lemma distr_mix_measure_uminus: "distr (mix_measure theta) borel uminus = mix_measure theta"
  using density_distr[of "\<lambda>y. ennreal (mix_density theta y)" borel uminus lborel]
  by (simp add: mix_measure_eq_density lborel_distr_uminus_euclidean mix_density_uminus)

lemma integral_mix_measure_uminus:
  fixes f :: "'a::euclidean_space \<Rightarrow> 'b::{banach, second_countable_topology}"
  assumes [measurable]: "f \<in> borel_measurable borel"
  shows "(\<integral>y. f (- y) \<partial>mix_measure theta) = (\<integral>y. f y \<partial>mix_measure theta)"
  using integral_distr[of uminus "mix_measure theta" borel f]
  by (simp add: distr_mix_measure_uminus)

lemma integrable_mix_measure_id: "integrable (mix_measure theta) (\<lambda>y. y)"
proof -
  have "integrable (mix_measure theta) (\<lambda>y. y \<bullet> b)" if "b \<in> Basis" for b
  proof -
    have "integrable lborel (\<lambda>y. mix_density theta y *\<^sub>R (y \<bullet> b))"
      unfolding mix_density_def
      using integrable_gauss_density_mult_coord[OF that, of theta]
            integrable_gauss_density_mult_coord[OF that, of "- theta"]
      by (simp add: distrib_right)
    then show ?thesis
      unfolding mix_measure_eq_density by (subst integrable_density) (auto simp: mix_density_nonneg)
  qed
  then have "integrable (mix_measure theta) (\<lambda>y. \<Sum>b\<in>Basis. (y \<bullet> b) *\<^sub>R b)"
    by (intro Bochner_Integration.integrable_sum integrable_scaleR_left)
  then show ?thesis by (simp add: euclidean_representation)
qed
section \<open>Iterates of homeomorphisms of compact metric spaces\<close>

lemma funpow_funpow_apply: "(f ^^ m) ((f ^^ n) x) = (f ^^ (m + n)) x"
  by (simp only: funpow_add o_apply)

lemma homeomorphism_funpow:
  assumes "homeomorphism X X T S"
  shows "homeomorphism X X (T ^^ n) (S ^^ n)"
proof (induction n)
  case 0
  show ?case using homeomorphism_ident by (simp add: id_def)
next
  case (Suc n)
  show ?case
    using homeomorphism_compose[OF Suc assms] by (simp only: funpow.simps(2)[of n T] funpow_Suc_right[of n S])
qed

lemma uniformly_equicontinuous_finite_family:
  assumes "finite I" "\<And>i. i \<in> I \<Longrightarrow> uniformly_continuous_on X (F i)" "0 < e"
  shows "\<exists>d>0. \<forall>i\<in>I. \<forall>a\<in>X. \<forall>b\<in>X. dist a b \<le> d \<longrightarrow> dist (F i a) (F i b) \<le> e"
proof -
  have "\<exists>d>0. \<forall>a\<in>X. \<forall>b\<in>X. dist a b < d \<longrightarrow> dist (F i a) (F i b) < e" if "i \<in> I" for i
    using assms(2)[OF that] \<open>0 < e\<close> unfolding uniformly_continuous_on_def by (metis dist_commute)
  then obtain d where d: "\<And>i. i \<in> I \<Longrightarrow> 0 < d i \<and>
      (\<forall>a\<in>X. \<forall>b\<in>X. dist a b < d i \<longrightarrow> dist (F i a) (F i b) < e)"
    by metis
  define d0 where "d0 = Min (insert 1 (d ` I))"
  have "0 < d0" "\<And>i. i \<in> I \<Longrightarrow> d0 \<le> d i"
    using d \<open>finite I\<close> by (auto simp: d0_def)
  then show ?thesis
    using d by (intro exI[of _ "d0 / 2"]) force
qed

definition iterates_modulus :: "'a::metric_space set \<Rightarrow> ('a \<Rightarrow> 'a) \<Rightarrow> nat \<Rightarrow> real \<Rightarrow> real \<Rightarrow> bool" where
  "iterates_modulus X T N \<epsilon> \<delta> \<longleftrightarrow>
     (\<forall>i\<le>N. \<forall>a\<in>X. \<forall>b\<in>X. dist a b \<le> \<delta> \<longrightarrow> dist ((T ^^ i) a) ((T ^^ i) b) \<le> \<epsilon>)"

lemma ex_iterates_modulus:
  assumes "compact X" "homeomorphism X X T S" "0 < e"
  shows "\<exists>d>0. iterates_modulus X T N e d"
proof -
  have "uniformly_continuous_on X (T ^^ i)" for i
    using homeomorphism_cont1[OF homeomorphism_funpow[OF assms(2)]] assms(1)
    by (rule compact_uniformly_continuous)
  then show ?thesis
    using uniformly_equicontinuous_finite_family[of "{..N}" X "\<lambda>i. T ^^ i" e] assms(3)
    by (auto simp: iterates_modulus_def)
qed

--

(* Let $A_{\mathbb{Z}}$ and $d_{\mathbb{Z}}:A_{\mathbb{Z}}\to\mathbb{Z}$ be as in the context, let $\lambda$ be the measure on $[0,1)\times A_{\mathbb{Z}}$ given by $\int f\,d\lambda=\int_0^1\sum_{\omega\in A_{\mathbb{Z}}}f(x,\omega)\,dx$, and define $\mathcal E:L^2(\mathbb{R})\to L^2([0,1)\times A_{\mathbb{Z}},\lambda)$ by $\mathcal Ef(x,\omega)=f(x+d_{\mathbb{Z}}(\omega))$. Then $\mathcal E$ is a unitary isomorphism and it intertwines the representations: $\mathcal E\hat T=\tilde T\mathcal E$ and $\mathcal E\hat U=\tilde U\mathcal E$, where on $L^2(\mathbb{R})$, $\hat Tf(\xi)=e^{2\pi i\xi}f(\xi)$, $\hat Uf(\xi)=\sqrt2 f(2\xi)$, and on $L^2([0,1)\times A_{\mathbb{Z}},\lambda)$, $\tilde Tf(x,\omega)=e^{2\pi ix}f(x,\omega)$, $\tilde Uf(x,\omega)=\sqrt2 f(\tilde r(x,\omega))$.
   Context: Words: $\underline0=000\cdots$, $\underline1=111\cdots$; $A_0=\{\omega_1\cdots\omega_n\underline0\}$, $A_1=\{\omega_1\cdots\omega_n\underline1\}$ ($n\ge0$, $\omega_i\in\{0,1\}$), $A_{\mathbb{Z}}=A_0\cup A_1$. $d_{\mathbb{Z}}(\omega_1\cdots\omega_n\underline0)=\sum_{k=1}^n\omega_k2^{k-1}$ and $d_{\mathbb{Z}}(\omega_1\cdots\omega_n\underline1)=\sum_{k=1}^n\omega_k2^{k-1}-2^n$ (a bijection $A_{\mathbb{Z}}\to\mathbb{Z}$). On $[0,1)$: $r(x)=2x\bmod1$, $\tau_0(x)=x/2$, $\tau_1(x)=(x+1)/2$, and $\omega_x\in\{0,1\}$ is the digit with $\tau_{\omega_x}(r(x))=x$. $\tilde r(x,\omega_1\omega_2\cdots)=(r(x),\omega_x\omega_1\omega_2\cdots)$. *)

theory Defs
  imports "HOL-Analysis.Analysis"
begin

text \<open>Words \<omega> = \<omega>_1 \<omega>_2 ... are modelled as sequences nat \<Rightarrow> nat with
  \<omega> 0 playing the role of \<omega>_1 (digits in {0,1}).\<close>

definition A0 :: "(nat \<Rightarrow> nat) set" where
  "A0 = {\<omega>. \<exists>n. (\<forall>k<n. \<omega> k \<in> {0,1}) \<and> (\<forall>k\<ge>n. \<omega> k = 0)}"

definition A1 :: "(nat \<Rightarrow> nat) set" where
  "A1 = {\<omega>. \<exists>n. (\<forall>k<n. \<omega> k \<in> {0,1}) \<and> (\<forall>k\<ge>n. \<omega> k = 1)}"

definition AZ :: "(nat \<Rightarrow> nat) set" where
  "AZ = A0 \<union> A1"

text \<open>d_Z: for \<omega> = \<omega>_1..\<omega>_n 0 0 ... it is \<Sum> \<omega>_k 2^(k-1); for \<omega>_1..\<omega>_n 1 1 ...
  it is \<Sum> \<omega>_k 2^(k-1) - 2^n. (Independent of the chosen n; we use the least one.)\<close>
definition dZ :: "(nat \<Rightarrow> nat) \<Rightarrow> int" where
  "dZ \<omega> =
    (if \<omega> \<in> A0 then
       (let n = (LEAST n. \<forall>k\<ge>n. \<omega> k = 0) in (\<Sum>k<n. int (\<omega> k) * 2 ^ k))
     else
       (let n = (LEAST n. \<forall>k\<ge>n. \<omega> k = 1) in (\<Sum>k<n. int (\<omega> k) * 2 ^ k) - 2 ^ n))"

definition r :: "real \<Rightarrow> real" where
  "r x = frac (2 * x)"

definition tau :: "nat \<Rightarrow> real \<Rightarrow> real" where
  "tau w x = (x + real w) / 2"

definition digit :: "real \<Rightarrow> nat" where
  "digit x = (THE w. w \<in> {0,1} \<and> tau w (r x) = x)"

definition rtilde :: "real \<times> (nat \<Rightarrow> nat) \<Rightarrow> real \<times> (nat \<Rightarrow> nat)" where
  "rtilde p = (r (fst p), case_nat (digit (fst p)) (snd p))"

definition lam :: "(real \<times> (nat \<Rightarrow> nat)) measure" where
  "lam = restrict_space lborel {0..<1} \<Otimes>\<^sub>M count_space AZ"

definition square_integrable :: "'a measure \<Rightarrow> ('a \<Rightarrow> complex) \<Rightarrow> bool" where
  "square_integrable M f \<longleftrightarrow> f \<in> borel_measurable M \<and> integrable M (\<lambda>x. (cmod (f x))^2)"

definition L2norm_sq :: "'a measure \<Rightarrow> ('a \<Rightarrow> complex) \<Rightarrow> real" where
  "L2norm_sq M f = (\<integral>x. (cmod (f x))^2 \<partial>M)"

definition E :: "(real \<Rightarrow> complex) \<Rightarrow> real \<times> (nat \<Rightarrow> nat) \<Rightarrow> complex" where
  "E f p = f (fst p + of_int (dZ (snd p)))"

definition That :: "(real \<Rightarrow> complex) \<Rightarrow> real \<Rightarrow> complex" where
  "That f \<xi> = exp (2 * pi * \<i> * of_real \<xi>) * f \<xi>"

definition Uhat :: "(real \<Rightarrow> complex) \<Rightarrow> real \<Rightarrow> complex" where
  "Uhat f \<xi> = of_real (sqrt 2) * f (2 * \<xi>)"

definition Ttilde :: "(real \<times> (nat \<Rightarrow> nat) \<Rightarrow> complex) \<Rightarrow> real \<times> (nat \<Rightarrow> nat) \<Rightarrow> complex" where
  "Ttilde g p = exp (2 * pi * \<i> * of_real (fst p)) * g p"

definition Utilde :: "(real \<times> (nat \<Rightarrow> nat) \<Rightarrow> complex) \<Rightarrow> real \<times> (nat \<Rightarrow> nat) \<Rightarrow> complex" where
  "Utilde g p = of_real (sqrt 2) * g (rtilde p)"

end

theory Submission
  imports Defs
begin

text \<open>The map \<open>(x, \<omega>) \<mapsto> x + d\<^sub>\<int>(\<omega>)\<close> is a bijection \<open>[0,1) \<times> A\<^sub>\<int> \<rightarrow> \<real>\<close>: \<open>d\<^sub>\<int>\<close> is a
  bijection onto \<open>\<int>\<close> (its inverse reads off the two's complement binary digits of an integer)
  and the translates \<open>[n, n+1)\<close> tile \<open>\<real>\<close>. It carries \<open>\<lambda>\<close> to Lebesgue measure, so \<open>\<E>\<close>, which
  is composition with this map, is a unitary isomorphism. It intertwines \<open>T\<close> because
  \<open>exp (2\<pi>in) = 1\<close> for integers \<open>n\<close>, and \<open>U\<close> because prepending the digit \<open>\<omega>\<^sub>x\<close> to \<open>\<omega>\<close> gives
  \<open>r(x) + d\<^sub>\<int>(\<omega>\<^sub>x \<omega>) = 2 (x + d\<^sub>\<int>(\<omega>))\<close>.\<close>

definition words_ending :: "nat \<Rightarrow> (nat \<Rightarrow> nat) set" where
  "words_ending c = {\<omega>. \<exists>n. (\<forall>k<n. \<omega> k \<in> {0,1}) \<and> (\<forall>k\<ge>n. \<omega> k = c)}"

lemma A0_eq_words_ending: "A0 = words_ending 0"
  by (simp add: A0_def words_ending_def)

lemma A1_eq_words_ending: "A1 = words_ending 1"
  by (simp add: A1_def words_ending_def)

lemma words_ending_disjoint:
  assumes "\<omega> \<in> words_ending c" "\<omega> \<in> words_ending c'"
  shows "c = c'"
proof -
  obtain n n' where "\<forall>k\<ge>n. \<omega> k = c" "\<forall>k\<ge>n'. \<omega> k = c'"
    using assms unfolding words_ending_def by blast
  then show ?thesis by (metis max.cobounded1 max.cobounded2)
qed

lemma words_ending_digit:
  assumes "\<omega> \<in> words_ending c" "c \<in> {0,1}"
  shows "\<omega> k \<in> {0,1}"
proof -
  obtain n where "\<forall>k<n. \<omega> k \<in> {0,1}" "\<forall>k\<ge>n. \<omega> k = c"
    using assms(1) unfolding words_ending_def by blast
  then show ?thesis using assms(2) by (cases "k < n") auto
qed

---

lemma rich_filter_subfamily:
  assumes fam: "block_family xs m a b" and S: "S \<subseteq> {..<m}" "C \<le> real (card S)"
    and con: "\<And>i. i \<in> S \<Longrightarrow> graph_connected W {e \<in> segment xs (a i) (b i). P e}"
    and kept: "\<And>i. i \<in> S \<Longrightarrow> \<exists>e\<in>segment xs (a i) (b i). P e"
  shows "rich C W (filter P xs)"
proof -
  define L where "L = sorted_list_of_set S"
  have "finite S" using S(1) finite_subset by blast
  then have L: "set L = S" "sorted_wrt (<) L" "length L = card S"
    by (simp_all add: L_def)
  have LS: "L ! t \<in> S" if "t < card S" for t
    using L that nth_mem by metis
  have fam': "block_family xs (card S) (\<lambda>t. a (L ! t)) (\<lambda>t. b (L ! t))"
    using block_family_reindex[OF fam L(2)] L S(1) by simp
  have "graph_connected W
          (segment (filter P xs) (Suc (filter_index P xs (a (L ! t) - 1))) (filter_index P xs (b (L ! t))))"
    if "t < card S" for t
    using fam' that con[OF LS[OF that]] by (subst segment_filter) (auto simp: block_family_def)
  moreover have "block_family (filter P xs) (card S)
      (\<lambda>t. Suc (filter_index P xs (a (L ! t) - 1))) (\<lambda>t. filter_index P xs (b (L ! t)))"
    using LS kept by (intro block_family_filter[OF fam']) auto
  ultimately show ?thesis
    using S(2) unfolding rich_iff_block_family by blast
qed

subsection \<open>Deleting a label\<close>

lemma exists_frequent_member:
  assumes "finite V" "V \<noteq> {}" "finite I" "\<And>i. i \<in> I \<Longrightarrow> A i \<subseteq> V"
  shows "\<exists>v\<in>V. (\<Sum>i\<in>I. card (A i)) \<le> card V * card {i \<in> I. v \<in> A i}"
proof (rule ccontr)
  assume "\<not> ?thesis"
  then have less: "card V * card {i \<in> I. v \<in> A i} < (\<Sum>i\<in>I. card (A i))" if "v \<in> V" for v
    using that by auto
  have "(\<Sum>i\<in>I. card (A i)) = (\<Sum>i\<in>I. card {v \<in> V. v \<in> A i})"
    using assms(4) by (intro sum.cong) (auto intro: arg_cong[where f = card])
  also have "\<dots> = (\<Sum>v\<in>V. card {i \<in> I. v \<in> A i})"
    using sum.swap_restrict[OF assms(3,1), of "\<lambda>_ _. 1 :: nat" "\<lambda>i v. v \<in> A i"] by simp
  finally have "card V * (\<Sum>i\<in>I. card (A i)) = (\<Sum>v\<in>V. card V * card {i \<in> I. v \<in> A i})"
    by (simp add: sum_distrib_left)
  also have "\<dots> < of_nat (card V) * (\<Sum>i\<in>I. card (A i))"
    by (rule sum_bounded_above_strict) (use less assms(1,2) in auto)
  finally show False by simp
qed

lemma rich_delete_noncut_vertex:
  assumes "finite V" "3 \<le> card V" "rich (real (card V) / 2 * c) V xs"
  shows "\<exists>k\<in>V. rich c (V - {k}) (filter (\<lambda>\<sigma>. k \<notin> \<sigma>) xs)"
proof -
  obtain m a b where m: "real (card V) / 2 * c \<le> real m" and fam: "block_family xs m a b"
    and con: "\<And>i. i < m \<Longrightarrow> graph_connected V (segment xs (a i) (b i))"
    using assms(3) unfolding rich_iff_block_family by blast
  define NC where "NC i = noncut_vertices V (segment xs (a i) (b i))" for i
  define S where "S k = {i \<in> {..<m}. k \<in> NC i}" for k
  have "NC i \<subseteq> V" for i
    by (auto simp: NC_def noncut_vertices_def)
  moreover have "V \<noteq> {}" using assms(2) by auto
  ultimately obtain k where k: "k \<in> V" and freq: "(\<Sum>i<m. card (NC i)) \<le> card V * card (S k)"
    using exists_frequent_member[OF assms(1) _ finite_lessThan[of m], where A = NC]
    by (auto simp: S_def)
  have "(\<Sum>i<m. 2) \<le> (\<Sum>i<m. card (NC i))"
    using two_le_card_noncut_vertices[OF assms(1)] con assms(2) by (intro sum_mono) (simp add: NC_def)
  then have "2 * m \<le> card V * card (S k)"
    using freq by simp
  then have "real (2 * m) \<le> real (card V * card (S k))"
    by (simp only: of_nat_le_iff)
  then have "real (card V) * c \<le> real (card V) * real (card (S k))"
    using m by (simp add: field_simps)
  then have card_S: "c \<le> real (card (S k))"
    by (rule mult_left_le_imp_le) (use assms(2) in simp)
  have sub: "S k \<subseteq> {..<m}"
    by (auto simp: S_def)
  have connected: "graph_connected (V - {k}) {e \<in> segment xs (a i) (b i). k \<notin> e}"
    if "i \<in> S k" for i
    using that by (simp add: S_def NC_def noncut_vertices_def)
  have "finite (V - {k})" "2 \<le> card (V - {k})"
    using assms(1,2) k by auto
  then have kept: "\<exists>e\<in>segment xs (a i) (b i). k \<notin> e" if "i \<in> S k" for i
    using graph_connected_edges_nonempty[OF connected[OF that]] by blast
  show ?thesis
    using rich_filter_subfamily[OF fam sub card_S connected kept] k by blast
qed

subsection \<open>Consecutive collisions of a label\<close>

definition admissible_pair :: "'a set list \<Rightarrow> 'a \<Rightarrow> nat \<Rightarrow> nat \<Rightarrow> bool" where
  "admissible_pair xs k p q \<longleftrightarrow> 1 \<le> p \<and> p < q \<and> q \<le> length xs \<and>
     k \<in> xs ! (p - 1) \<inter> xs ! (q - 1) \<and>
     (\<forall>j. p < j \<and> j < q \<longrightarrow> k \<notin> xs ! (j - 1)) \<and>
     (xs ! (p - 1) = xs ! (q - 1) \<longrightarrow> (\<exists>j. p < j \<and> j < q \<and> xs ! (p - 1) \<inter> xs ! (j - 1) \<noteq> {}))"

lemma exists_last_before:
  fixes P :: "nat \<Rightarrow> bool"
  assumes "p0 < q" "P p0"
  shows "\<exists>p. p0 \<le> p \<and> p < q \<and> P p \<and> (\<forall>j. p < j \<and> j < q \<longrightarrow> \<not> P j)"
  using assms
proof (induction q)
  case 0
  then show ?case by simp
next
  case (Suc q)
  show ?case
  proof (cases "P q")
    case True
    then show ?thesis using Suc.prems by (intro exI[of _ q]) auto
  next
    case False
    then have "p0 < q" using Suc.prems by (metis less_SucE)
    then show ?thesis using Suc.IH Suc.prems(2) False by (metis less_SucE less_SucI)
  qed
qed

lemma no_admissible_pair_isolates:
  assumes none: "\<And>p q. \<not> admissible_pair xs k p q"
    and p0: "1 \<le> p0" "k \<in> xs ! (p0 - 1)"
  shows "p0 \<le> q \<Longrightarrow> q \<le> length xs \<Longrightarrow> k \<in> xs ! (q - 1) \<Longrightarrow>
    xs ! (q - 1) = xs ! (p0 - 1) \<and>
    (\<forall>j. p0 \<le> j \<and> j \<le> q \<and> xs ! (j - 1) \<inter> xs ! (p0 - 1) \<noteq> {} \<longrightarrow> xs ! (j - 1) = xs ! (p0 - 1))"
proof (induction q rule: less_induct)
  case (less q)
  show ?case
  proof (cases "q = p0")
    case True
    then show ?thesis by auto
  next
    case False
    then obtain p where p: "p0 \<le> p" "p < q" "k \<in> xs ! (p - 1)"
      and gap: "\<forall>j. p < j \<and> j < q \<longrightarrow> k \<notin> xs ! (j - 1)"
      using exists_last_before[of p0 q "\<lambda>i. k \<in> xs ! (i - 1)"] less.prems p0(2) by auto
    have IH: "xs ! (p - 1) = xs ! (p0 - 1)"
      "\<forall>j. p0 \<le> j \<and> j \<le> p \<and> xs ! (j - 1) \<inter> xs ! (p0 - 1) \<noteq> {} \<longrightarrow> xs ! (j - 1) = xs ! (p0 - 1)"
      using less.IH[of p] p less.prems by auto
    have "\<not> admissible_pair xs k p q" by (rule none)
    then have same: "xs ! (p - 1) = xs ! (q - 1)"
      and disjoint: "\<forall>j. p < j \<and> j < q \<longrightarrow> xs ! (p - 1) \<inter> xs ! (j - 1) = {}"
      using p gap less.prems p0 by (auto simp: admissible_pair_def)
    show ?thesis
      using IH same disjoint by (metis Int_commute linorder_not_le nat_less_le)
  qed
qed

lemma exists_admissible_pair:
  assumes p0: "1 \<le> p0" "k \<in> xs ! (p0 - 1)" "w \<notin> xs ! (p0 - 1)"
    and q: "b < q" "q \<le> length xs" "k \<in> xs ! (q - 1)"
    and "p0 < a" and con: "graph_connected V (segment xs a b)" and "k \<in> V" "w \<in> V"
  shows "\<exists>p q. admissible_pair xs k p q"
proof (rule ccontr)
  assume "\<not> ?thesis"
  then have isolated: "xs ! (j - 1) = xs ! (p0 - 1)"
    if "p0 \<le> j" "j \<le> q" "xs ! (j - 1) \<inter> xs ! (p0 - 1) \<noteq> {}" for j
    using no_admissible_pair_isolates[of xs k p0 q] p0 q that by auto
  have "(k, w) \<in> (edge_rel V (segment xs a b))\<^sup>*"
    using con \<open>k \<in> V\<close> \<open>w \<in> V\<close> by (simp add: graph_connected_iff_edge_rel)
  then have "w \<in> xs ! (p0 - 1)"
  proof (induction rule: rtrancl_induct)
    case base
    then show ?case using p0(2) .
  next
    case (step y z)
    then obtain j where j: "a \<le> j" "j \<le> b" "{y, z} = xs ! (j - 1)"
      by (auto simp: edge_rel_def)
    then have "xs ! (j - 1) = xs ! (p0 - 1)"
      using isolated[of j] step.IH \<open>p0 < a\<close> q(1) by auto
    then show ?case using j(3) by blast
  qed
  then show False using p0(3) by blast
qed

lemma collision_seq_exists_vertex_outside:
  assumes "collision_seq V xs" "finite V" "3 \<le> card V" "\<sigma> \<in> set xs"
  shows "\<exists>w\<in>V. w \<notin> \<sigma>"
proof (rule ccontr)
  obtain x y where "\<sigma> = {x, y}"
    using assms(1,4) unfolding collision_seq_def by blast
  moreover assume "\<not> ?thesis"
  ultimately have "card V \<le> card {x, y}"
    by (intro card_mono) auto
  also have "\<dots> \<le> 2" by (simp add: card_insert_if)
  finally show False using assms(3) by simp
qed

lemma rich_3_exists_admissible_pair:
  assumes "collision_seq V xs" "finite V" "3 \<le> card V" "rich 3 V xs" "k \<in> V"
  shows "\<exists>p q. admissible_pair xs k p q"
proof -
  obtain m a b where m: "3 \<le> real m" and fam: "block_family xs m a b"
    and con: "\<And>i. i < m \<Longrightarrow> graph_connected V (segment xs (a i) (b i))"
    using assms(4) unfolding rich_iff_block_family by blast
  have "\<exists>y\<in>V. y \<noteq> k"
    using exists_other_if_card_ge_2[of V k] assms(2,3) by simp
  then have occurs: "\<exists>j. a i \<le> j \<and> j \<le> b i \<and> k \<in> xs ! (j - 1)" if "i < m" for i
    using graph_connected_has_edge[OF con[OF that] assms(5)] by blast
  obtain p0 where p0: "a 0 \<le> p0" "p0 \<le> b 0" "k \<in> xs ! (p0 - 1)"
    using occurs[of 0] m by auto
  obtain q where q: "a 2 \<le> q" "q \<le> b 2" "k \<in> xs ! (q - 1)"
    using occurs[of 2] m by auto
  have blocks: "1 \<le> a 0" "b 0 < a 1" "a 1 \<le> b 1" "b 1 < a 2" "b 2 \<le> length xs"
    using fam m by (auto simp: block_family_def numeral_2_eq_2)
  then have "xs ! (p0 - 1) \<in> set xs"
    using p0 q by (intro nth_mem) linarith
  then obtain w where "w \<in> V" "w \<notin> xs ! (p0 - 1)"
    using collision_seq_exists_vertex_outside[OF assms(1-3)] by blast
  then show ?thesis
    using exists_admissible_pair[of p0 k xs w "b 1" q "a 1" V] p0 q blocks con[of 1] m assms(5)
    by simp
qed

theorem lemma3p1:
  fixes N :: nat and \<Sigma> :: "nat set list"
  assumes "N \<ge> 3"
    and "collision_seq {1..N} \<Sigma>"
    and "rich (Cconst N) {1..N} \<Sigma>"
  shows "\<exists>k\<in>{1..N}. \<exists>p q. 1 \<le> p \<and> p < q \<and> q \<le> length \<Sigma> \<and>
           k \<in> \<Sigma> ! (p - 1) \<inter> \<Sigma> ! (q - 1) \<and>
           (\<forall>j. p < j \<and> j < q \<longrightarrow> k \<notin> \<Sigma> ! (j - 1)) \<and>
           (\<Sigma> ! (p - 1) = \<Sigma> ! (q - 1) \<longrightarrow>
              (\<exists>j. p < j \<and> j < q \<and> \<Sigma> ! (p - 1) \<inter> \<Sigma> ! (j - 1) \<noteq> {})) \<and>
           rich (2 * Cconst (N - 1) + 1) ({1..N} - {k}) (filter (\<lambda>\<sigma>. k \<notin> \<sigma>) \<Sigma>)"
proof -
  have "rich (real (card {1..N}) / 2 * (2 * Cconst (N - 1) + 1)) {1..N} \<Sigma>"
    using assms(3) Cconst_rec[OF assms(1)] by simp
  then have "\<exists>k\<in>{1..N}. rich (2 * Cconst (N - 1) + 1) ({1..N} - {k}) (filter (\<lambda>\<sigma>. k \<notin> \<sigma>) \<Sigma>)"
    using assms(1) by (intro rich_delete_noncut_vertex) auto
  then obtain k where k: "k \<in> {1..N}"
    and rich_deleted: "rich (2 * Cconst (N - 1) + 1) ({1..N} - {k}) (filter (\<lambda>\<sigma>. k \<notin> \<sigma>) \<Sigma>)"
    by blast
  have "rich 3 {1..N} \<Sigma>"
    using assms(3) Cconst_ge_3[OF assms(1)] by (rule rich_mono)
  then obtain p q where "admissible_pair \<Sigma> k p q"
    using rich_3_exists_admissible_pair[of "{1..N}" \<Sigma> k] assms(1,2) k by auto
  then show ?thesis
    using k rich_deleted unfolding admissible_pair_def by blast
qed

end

Exercise objective:
Scan the material above line by line and report how many lines contain the word "label", nothing further.

Exercise answer:
2